__TASK BRIEF__: Two lines in the data below mark the range: the one with "imports Defs" and the one with "by (auto simp: set_mult_def)". Return both, along with every line between them, exactly.

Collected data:

_ _ _ _

(* Let $S=(G,-1,q)$ be a quaternionic structure with abstract 2-Brauer group $B=B(S)$. Then: (a) $B$ is a boolean group (every element is its own inverse) whose neutral element is $0=q(1,1)$. (b) For all $\alpha\in\mathbb N_0$ and $a,b\in G$, $q(a^\alpha,b)=q(a,b)^\alpha=q(a,b^\alpha)$ (powers taken in $B$). (c) If $S$ has finite order $n$, then $\dim_{\mathbb F_2}B\le\binom n2$ if $-1=1$, and $\dim_{\mathbb F_2}B\le\binom n2+1$ if $-1\neq1$.
   Context: A quaternionic structure is a triple $S=(G,-1,q)$ where $G$ is a multiplicative group in which every element is its own inverse (viewed as $\mathbb F_2$-vector space), $-1\in G$ is a distinguished element (possibly $-1=1$), $-a:=(-1)a$, and $q:G\times G\to Q$ is a surjective map onto a set $Q$ with distinguished element $0$, such that for all $a,b,c,d\in G$: (Q1) $q(a,-a)=0$; (Q2) $q(a,b)=q(b,a)$; (Q3) $q(a,b)=q(a,c)\iff q(a,bc)=0$; (Q4) $q(a,b)=q(c,d)\iff$ there is $x\in G$ with $q(a,b)=q(a,x)=q(c,x)=q(c,d)$. The order of $S$ is $\dim_{\mathbb F_2}G$. The abstract 2-Brauer group $B(S)$ is the abelian group, with operation written $\ast$, generated by the set $Q$ subject only to the relations $q(a,b)\ast q(a,c)=q(a,bc)$ for all $a,b,c\in G$ (the linkage relations). *)

theory Defs
  imports "HOL-Algebra.Free_Abelian_Groups" "HOL-Algebra.Coset" "HOL-Algebra.Generated_Groups"
begin

text \<open>A quaternionic structure (G, -1, q) with value set Q = image of q and distinguished
  element z (the element written 0 in Q). G is a group in which every element is its own
  inverse; m is the distinguished element -1.\<close>

definition qvals :: "('g, 'b) monoid_scheme \<Rightarrow> ('g \<Rightarrow> 'g \<Rightarrow> 'q) \<Rightarrow> 'q set" where
  "qvals G q = (\<lambda>(a, b). q a b) ` (carrier G \<times> carrier G)"

definition quaternionic_structure ::
  "('g, 'b) monoid_scheme \<Rightarrow> 'g \<Rightarrow> ('g \<Rightarrow> 'g \<Rightarrow> 'q) \<Rightarrow> 'q \<Rightarrow> bool" where
  "quaternionic_structure G m q z \<longleftrightarrow>
     group G \<and> (\<forall>x\<in>carrier G. x \<otimes>\<^bsub>G\<^esub> x = \<one>\<^bsub>G\<^esub>) \<and> m \<in> carrier G \<and> z \<in> qvals G q \<and>
     (\<forall>a\<in>carrier G. q a (m \<otimes>\<^bsub>G\<^esub> a) = z) \<and>
     (\<forall>a\<in>carrier G. \<forall>b\<in>carrier G. q a b = q b a) \<and>
     (\<forall>a\<in>carrier G. \<forall>b\<in>carrier G. \<forall>c\<in>carrier G.
        q a b = q a c \<longleftrightarrow> q a (b \<otimes>\<^bsub>G\<^esub> c) = z) \<and>
     (\<forall>a\<in>carrier G. \<forall>b\<in>carrier G. \<forall>c\<in>carrier G. \<forall>d\<in>carrier G.
        q a b = q c d \<longleftrightarrow>
        (\<exists>x\<in>carrier G. q a b = q a x \<and> q a x = q c x \<and> q c x = q c d))"

definition linkage_rels :: "('g, 'b) monoid_scheme \<Rightarrow> ('g \<Rightarrow> 'g \<Rightarrow> 'q) \<Rightarrow> ('q \<Rightarrow>\<^sub>0 int) set" where
  "linkage_rels G q = {frag_of (q a b) + frag_of (q a c) - frag_of (q a (b \<otimes>\<^bsub>G\<^esub> c)) | a b c.
     a \<in> carrier G \<and> b \<in> carrier G \<and> c \<in> carrier G}"

definition linkage_subgroup :: "('g, 'b) monoid_scheme \<Rightarrow> ('g \<Rightarrow> 'g \<Rightarrow> 'q) \<Rightarrow> ('q \<Rightarrow>\<^sub>0 int) set" where
  "linkage_subgroup G q = generate (free_Abelian_group (qvals G q)) (linkage_rels G q)"

definition brauer_group :: "('g, 'b) monoid_scheme \<Rightarrow> ('g \<Rightarrow> 'g \<Rightarrow> 'q) \<Rightarrow> ('q \<Rightarrow>\<^sub>0 int) set monoid" where
  "brauer_group G q = free_Abelian_group (qvals G q) Mod linkage_subgroup G q"

definition brauer_class :: "('g, 'b) monoid_scheme \<Rightarrow> ('g \<Rightarrow> 'g \<Rightarrow> 'q) \<Rightarrow> 'q \<Rightarrow> ('q \<Rightarrow>\<^sub>0 int) set" where
  "brauer_class G q x = linkage_subgroup G q #>\<^bsub>free_Abelian_group (qvals G q)\<^esub> frag_of x"

end

theory Submission
  imports Defs
begin

(* By the linkage relations, b \<mapsto> [q(a,b)] is a homomorphism G \<rightarrow> B(S) for every a; this gives
   (b), [q(a,1)] = 0 and, since b\<^sup>2 = 1 in G, [q(a,b)]\<^sup>2 = 0, so B(S), being generated by the
   classes [q(a,b)], is boolean. For (c) pick a basis e\<^sub>1, ..., e\<^sub>k (k \<le> n) of G with e\<^sub>1 = -1 if
   -1 \<noteq> 1. By bilinearity and symmetry the classes [q(e\<^sub>i,e\<^sub>j)], i \<le> j, generate B(S), and (Q1)
   turns [q(e,e)] into [q(e,-1)], which is 0 if -1 = 1 and off-diagonal for e \<noteq> e\<^sub>1 otherwise.
   So B(S) is generated by at most C(n,2) (+1) involutions. *)

lemma (in comm_group) subgroup_involutions: "subgroup {x \<in> carrier G. x \<otimes> x = \<one>} G"
proof (rule subgroupI)
  fix a b assume a: "a \<in> {x \<in> carrier G. x \<otimes> x = \<one>}" and b: "b \<in> {x \<in> carrier G. x \<otimes> x = \<one>}"
  have "a \<otimes> b \<otimes> (a \<otimes> b) = (a \<otimes> a) \<otimes> (b \<otimes> b)"
    using a b by (simp add: m_ac)
  then show "a \<otimes> b \<in> {x \<in> carrier G. x \<otimes> x = \<one>}" using a b by simp
next
  fix a assume a: "a \<in> {x \<in> carrier G. x \<otimes> x = \<one>}"
  then have "inv a = a" by (simp add: inv_equality)
  then show "inv a \<in> {x \<in> carrier G. x \<otimes> x = \<one>}" using a by simp
qed auto

lemma (in comm_group) generate_involutions:
  assumes "A \<subseteq> carrier G" "\<forall>x\<in>A. x \<otimes> x = \<one>" "y \<in> generate G A"
  shows "y \<otimes> y = \<one>"
  using generate_subgroup_incl[OF _ subgroup_involutions] assms by blast

lemma (in group) subgroup_involution:
  assumes "s \<in> carrier G" "s \<otimes> s = \<one>"
  shows "subgroup {\<one>, s} G"
proof -
  have "inv s = s" using assms by (simp add: inv_equality)
  then show ?thesis using assms by (intro subgroupI) auto
qed

lemma set_mult_eq_image: "H <#>\<^bsub>G\<^esub> K = (\<lambda>(h, k). h \<otimes>\<^bsub>G\<^esub> k) ` (H \<times> K)"
  by (auto simp: set_mult_def)

lemma (in comm_group) card_generate_involutions:
  assumes "finite A" "A \<subseteq> carrier G" "\<forall>x\<in>A. x \<otimes> x = \<one>"
  shows "finite (generate G A) \<and> card (generate G A) \<le> 2 ^ card A"
  using assms
proof (induction A rule: finite_induct)
  case empty
  then show ?case by (simp add: generate_empty)
next
  case (insert s A)
  let ?S = "{\<one>, s}" and ?K = "generate G A"
  have sub: "generate G (insert s A) \<subseteq> ?S <#> ?K"
  proof (rule generate_subgroup_incl)
    show "subgroup (?S <#> ?K) G"
      using insert.prems by (intro mult_subgroups subgroup_involution generate_is_subgroup) auto
    have "x \<in> ?S <#> ?K" if "x \<in> insert s A" for x
    proof (cases "x = s")
      case True
      then have "x = s \<otimes> \<one>" using insert.prems by simp
      then show ?thesis unfolding set_mult_def by (blast intro: generate.one)
    next
      case False
      then have "x \<in> A" "x = \<one> \<otimes> x" using that insert.prems by auto
      then show ?thesis unfolding set_mult_def by (blast intro: generate.incl)
    qed
    then show "insert s A \<subseteq> ?S <#> ?K" ..
  qed
  have K: "finite ?K" "card ?K \<le> 2 ^ card A" using insert by auto
  then have fin: "finite (?S <#> ?K)" unfolding set_mult_eq_image by simp
  have "card (generate G (insert s A)) \<le> card (?S <#> ?K)"
    using card_mono[OF fin sub] .
  also have "\<dots> \<le> card (?S \<times> ?K)"
    unfolding set_mult_eq_image by (rule card_image_le) (simp add: K)
  also have "\<dots> \<le> 2 * 2 ^ card A"
  proof -
    have "card ?S \<le> 2" by (cases "s = \<one>") auto
    then show ?thesis using K by (simp add: card_cartesian_product mult_le_mono)
  qed
  also have "\<dots> = 2 ^ card (insert s A)" using insert(1,2) by simp
  finally show ?case using finite_subset[OF sub fin] by simp
qed

lemma (in group) card_generate_insert_ge:
  assumes "finite (carrier G)" "A \<subseteq> carrier G" "g \<in> carrier G" "g \<notin> generate G A"
  shows "2 * card (generate G A) \<le> card (generate G (insert g A))"
proof -
  let ?K = "generate G A" and ?K' = "generate G (insert g A)"
  have K: "subgroup ?K G" using assms by (intro generate_is_subgroup)
  have K': "subgroup ?K' G" using assms by (intro generate_is_subgroup) auto
  have "g \<in> ?K'" by (simp add: generate.incl)
  have KK': "?K \<subseteq> ?K'" by (rule mono_generate) auto
  have coset: "?K #> g \<subseteq> ?K'"
    using KK' \<open>g \<in> ?K'\<close> K' unfolding r_coset_def by (auto intro: subgroup.m_closed)
  moreover have "?K \<inter> (?K #> g) = {}"
  proof -
    have "g \<in> ?K #> g" using assms K rcos_self by blast
    then have "?K #> g \<noteq> ?K" using assms(4) by blast
    moreover have "?K #> g \<in> rcosets ?K" "?K \<in> rcosets ?K"
      using assms subgroup.subgroup_in_rcosets[OF K] rcosetsI[OF generate_incl] by auto
    ultimately show ?thesis using rcos_disjoint[OF K] by (auto simp: pairwise_def disjnt_def)
  qed
  moreover have "card (?K #> g) = card ?K"
    using assms by (metis card_rcosets_equal generate_incl rcosetsI)
  moreover have "finite ?K'" using assms(1) K' finite_subset subgroup.subset by metis
  ultimately have "card ?K + card ?K = card (?K \<union> (?K #> g))"
    using KK' card_Un_disjoint[of ?K "?K #> g"] finite_subset by (metis (no_types, lifting))
  also have "\<dots> \<le> card ?K'"
    using KK' coset \<open>finite ?K'\<close> by (intro card_mono) auto
  finally show ?thesis by simp
qed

_ _ _ _

__PROBLEM SOLUTION__:
  imports Defs
begin

(* By the linkage relations, b \<mapsto> [q(a,b)] is a homomorphism G \<rightarrow> B(S) for every a; this gives
   (b), [q(a,1)] = 0 and, since b\<^sup>2 = 1 in G, [q(a,b)]\<^sup>2 = 0, so B(S), being generated by the
   classes [q(a,b)], is boolean. For (c) pick a basis e\<^sub>1, ..., e\<^sub>k (k \<le> n) of G with e\<^sub>1 = -1 if
   -1 \<noteq> 1. By bilinearity and symmetry the classes [q(e\<^sub>i,e\<^sub>j)], i \<le> j, generate B(S), and (Q1)
   turns [q(e,e)] into [q(e,-1)], which is 0 if -1 = 1 and off-diagonal for e \<noteq> e\<^sub>1 otherwise.
   So B(S) is generated by at most C(n,2) (+1) involutions. *)

lemma (in comm_group) subgroup_involutions: "subgroup {x \<in> carrier G. x \<otimes> x = \<one>} G"
proof (rule subgroupI)
  fix a b assume a: "a \<in> {x \<in> carrier G. x \<otimes> x = \<one>}" and b: "b \<in> {x \<in> carrier G. x \<otimes> x = \<one>}"
  have "a \<otimes> b \<otimes> (a \<otimes> b) = (a \<otimes> a) \<otimes> (b \<otimes> b)"
    using a b by (simp add: m_ac)
  then show "a \<otimes> b \<in> {x \<in> carrier G. x \<otimes> x = \<one>}" using a b by simp
next
  fix a assume a: "a \<in> {x \<in> carrier G. x \<otimes> x = \<one>}"
  then have "inv a = a" by (simp add: inv_equality)
  then show "inv a \<in> {x \<in> carrier G. x \<otimes> x = \<one>}" using a by simp
qed auto

lemma (in comm_group) generate_involutions:
  assumes "A \<subseteq> carrier G" "\<forall>x\<in>A. x \<otimes> x = \<one>" "y \<in> generate G A"
  shows "y \<otimes> y = \<one>"
  using generate_subgroup_incl[OF _ subgroup_involutions] assms by blast

lemma (in group) subgroup_involution:
  assumes "s \<in> carrier G" "s \<otimes> s = \<one>"
  shows "subgroup {\<one>, s} G"
proof -
  have "inv s = s" using assms by (simp add: inv_equality)
  then show ?thesis using assms by (intro subgroupI) auto
qed

lemma set_mult_eq_image: "H <#>\<^bsub>G\<^esub> K = (\<lambda>(h, k). h \<otimes>\<^bsub>G\<^esub> k) ` (H \<times> K)"
  by (auto simp: set_mult_def)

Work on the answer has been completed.